**TASK OBJECTIVE**
Nothing is needed except the lines below that run from the one with "psi (v powr b))" through the one with "using orlicz_inv_pos[OF o] u v x1 by auto", repeated exactly.

Collected data
******************************
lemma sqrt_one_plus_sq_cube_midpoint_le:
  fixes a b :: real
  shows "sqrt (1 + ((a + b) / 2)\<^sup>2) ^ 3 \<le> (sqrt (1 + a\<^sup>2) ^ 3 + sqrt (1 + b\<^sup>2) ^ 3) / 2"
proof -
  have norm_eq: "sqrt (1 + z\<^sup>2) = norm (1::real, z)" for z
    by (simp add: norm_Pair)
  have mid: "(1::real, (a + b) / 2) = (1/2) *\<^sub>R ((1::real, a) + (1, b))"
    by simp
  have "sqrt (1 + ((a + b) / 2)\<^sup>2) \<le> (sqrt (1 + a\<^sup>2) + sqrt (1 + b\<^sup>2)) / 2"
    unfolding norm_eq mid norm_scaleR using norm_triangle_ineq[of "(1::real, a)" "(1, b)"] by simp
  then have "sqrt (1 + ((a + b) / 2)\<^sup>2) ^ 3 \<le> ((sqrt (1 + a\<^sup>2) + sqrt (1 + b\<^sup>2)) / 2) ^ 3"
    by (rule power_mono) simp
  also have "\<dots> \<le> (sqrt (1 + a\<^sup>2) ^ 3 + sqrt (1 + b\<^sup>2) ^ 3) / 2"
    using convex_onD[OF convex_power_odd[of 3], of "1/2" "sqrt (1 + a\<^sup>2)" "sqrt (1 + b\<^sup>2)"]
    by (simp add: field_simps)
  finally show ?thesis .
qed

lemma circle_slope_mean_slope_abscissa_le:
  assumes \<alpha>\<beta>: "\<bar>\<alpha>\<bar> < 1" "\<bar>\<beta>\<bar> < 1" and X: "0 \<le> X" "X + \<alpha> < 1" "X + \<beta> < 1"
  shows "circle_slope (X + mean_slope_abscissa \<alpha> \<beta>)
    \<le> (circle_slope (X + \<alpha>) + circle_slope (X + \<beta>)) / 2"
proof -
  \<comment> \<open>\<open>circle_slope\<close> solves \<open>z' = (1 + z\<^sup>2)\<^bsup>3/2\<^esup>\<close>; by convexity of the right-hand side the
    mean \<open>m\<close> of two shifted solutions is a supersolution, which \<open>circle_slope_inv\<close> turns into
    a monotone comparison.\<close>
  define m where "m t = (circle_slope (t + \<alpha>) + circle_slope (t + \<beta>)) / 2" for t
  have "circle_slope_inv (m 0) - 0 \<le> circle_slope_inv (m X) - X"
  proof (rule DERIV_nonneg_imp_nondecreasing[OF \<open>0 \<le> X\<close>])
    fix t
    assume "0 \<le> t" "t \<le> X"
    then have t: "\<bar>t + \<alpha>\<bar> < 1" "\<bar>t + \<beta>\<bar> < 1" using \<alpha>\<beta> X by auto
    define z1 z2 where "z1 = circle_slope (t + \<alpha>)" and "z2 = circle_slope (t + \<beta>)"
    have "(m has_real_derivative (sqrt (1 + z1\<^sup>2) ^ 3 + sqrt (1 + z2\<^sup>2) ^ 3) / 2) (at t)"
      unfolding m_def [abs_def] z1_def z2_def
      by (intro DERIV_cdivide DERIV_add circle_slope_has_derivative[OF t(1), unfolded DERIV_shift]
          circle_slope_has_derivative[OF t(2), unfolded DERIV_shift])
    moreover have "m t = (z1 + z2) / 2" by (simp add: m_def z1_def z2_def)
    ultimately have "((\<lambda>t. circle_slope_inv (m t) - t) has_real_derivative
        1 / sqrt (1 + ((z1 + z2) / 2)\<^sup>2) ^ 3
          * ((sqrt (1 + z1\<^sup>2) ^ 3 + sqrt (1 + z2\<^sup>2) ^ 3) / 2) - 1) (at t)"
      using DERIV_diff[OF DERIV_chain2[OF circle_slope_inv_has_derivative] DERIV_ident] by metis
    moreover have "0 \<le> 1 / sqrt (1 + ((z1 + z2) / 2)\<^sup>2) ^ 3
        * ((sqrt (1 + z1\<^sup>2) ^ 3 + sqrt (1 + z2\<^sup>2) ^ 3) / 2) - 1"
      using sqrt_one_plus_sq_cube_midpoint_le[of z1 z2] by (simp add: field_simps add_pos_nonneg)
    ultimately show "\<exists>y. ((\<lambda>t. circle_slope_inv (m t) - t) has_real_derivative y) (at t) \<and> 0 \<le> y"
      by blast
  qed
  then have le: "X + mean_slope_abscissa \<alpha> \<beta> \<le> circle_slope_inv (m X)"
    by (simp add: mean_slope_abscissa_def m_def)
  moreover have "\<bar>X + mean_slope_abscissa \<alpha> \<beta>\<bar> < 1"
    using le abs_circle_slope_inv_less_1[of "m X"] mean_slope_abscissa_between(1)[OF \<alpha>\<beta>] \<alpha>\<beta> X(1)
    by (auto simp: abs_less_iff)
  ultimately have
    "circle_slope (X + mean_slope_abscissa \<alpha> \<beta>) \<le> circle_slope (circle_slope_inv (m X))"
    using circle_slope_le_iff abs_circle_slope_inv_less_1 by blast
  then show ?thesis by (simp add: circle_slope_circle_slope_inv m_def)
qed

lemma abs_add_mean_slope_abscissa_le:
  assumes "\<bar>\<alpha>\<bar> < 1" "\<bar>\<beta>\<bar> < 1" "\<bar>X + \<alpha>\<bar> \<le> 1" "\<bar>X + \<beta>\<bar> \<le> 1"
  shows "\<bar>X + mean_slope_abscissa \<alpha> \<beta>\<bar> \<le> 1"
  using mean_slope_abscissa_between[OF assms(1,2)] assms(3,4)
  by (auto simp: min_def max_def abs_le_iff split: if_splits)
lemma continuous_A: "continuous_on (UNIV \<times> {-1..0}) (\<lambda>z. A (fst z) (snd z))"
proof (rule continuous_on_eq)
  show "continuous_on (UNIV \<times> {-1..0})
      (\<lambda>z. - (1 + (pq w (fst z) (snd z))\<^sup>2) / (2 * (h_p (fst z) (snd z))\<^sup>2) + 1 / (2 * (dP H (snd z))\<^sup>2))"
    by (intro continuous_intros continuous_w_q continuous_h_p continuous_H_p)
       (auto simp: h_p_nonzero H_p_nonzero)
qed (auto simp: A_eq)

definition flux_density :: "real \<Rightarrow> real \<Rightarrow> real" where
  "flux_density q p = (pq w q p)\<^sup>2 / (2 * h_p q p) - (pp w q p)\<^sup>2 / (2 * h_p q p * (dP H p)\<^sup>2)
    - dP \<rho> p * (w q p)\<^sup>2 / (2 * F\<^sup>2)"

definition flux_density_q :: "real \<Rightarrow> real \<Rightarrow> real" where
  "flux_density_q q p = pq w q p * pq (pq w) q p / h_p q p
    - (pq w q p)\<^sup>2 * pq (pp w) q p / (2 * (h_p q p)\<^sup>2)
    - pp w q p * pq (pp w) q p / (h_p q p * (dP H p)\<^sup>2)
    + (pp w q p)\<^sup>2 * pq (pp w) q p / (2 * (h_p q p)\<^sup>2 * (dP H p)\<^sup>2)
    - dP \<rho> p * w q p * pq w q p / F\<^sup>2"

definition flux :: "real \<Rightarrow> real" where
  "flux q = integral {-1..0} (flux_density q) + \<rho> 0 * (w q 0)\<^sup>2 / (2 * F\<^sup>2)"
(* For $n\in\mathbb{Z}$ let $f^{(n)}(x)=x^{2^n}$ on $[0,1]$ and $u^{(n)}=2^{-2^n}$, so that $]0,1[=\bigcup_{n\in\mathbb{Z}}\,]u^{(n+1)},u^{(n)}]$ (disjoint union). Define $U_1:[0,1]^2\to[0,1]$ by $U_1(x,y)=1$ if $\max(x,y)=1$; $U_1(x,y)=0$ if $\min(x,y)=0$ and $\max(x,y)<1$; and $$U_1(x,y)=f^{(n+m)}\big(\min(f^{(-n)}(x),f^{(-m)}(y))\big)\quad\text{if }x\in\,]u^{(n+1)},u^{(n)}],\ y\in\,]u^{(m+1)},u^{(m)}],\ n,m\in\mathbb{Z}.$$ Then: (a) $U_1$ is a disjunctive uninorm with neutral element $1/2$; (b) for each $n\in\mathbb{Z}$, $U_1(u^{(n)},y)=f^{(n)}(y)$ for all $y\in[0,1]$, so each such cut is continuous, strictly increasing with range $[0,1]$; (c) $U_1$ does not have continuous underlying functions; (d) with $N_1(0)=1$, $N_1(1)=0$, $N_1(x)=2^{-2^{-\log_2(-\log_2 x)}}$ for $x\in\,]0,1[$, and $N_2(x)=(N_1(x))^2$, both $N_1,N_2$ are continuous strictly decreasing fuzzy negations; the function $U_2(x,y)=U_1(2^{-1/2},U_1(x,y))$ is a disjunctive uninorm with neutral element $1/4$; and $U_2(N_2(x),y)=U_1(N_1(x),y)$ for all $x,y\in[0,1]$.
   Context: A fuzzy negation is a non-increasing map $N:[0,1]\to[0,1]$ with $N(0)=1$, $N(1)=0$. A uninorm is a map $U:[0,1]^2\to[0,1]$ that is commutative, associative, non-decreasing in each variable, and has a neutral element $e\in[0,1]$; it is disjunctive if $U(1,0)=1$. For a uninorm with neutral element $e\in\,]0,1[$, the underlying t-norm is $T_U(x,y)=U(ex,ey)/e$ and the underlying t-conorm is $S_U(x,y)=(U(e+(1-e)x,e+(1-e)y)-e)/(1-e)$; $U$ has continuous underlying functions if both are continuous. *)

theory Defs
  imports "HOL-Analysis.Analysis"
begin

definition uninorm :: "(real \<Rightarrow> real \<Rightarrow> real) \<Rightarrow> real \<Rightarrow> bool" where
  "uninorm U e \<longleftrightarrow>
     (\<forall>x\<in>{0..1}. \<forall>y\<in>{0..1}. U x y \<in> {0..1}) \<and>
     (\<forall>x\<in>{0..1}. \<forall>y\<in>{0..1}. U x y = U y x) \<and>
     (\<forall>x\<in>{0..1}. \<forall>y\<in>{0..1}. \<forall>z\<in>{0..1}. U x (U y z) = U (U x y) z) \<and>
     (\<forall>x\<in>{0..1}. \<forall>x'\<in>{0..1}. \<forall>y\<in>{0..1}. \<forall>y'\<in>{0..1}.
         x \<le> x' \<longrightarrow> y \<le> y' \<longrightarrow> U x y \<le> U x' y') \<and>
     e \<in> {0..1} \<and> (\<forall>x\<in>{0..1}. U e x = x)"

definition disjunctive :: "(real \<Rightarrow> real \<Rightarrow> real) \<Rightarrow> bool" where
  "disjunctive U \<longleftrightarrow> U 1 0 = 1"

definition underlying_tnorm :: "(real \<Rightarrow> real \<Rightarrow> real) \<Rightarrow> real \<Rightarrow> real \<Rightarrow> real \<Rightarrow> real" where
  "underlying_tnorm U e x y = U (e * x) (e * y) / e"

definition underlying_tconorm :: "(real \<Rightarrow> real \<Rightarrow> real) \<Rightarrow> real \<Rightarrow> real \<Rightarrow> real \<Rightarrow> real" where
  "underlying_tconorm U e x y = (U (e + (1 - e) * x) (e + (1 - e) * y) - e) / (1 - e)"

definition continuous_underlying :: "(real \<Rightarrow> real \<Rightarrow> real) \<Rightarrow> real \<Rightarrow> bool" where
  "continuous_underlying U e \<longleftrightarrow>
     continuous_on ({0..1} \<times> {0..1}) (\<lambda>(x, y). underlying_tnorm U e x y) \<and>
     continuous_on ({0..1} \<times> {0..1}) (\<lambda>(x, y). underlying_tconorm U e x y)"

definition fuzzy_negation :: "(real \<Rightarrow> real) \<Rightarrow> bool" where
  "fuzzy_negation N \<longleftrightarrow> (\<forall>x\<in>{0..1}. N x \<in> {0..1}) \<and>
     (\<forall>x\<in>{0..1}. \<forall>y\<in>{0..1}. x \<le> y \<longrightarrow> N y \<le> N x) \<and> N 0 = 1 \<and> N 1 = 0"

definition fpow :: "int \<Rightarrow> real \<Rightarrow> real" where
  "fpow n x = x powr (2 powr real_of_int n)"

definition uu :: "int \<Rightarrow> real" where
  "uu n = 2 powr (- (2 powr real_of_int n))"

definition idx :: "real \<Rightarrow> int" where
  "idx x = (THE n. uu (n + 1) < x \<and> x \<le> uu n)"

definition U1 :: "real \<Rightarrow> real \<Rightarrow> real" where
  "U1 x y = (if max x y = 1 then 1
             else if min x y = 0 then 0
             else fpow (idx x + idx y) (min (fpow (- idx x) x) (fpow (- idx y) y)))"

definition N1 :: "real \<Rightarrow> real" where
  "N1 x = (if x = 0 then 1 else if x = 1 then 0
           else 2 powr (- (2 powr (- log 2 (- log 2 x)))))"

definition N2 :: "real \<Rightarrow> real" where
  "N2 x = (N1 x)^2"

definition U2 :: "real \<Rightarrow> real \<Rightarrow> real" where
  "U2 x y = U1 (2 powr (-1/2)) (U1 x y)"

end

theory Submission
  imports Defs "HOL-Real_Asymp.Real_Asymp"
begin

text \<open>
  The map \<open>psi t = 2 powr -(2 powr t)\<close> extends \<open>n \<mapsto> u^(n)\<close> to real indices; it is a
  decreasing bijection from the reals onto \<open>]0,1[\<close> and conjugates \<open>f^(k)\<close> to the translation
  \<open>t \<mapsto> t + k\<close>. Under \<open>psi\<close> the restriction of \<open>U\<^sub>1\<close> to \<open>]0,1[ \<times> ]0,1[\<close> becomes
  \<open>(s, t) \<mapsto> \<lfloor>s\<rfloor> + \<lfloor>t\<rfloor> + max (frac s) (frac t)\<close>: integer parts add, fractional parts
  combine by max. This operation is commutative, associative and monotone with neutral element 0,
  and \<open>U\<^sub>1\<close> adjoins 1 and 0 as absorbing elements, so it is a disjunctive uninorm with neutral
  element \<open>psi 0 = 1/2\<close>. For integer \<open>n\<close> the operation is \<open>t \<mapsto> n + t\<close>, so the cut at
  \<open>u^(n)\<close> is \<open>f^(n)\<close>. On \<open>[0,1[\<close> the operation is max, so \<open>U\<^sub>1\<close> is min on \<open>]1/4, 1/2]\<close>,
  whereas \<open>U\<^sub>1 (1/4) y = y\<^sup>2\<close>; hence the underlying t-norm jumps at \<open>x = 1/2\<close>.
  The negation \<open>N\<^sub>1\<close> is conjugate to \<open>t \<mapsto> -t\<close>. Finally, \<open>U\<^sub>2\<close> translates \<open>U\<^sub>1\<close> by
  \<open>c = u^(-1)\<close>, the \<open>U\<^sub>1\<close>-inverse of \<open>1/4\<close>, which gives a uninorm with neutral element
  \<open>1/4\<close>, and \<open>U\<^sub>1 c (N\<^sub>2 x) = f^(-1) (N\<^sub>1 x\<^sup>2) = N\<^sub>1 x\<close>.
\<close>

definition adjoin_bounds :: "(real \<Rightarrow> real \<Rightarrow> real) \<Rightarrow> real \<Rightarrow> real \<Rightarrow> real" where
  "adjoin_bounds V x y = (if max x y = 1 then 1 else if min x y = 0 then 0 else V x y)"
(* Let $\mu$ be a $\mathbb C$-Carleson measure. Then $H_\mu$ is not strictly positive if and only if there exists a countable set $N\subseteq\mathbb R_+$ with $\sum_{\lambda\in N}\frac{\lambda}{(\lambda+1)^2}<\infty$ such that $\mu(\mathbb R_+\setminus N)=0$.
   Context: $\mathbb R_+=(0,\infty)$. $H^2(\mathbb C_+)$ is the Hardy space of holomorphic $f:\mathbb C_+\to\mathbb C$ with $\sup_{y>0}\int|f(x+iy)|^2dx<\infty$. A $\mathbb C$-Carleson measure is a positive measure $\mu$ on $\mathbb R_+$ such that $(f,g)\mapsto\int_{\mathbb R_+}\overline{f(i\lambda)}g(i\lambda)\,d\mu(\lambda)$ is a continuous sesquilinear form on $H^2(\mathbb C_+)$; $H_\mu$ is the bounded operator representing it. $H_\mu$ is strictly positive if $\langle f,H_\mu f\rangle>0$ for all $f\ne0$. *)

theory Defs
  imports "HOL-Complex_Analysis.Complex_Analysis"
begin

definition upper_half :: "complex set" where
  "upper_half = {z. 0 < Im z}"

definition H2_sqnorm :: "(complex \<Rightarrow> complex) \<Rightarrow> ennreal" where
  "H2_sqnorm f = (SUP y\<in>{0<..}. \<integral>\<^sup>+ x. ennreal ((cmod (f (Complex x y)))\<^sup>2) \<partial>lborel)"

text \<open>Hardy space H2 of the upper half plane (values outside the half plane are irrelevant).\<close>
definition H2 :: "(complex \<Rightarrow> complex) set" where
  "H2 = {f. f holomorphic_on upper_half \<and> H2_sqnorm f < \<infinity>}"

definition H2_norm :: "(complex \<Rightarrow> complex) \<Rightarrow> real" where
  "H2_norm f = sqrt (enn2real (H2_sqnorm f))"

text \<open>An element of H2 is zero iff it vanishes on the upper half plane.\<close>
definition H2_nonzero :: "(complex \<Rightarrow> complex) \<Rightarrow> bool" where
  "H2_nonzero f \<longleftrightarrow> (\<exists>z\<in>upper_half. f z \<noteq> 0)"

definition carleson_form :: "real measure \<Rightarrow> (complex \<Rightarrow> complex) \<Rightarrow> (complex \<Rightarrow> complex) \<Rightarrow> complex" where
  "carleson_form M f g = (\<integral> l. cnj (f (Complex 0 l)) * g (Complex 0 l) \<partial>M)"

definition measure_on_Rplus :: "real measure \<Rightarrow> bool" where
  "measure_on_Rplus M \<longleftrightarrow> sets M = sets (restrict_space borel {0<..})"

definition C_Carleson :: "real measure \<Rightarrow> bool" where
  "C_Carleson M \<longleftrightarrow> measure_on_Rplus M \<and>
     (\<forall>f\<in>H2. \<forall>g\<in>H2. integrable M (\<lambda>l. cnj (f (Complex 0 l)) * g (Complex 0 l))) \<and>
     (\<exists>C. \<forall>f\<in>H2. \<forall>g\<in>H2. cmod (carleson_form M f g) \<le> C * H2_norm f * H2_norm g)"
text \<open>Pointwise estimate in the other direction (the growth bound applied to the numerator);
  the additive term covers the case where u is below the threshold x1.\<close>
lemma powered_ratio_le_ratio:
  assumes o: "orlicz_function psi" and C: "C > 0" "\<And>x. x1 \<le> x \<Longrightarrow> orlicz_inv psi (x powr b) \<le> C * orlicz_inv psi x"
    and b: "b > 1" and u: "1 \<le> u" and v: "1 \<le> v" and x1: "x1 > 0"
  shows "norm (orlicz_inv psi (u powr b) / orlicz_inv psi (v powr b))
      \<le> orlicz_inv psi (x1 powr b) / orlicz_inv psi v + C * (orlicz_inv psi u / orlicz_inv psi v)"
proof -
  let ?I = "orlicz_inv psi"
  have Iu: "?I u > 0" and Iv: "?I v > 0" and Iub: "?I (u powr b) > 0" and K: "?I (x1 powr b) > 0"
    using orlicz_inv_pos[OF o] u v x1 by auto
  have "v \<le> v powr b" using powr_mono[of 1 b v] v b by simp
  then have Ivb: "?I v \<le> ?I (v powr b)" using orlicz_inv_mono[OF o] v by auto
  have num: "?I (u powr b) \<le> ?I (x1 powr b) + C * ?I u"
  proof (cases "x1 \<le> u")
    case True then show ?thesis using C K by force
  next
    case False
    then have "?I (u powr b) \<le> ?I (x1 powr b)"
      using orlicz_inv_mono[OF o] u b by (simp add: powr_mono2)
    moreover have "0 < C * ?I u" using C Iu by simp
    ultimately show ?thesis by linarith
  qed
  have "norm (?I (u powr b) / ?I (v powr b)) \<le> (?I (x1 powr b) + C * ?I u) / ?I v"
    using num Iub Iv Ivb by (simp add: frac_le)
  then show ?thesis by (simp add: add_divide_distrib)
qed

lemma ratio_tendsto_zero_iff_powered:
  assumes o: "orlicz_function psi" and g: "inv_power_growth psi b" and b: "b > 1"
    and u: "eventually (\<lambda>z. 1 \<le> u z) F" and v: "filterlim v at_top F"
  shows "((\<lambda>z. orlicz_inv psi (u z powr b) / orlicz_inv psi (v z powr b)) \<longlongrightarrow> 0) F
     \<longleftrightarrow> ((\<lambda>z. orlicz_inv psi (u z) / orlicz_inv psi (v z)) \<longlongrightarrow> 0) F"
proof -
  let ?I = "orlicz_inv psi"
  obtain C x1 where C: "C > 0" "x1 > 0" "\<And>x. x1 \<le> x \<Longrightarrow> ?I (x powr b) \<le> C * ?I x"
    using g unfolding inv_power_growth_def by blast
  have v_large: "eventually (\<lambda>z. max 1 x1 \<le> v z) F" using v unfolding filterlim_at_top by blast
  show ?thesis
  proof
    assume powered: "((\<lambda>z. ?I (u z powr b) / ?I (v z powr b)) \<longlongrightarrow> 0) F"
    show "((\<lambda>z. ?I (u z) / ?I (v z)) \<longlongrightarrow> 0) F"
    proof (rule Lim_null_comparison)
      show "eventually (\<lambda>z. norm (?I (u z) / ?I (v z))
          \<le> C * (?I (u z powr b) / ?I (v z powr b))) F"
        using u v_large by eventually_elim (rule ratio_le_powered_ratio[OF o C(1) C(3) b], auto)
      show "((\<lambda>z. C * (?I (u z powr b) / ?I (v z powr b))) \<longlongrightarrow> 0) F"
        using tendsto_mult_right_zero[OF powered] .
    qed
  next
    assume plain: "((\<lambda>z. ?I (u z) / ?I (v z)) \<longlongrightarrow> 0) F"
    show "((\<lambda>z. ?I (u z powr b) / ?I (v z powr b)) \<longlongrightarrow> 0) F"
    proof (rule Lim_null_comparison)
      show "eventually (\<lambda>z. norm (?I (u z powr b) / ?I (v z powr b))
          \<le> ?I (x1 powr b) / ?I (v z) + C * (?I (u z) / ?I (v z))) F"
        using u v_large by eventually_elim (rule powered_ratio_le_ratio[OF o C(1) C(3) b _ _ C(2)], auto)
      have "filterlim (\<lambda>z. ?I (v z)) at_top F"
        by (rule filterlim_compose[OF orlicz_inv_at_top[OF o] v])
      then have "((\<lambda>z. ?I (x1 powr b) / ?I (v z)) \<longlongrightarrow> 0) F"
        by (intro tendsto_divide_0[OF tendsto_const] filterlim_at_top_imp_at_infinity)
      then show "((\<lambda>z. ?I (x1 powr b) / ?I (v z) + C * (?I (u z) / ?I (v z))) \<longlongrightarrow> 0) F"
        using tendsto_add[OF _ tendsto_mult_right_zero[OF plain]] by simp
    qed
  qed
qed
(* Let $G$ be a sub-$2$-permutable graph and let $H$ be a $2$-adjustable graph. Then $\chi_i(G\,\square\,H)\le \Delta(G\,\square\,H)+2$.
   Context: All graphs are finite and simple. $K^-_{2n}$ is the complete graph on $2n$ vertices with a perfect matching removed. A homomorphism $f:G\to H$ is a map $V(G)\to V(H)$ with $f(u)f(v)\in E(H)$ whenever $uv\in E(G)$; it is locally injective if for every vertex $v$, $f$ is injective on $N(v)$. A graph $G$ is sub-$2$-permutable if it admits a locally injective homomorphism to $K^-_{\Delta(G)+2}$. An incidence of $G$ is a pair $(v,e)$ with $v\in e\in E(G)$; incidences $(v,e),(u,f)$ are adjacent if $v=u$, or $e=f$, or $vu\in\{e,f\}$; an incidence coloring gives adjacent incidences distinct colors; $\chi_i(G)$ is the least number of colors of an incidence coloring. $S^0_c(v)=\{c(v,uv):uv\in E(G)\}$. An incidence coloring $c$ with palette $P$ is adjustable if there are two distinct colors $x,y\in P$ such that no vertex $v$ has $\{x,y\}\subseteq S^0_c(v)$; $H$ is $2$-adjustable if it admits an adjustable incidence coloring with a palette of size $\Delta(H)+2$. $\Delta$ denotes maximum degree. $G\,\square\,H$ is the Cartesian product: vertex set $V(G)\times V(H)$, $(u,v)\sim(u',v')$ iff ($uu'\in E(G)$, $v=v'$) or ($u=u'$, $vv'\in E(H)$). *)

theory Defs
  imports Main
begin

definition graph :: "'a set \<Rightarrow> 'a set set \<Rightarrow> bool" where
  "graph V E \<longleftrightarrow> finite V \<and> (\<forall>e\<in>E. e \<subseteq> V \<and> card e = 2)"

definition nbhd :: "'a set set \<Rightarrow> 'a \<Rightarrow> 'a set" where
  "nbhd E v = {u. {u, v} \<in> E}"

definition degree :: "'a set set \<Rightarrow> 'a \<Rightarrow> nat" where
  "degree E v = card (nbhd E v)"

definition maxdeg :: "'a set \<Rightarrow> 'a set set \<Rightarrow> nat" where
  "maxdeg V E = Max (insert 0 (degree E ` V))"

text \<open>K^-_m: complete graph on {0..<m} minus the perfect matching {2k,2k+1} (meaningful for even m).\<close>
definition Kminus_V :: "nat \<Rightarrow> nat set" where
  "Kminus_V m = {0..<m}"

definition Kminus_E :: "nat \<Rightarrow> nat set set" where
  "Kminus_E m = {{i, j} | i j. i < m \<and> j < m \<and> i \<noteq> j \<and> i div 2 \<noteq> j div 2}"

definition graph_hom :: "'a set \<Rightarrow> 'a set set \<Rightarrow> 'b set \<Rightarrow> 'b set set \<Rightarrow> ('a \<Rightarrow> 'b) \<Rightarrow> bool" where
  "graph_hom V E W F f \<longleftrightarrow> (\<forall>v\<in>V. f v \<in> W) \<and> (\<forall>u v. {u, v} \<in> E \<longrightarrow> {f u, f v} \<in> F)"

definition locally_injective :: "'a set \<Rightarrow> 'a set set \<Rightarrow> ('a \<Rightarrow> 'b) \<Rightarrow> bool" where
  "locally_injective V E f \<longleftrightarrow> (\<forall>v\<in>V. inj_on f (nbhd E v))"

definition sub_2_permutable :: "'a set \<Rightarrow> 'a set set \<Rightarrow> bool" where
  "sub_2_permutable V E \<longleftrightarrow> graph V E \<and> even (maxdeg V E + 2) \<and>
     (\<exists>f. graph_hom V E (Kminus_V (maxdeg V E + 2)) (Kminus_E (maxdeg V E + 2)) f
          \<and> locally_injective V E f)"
******************************
**TASK SOLUTION**
  shows "norm (orlicz_inv psi (u powr b) / orlicz_inv psi (v powr b))
      \<le> orlicz_inv psi (x1 powr b) / orlicz_inv psi v + C * (orlicz_inv psi u / orlicz_inv psi v)"
proof -
  let ?I = "orlicz_inv psi"
  have Iu: "?I u > 0" and Iv: "?I v > 0" and Iub: "?I (u powr b) > 0" and K: "?I (x1 powr b) > 0"
    using orlicz_inv_pos[OF o] u v x1 by auto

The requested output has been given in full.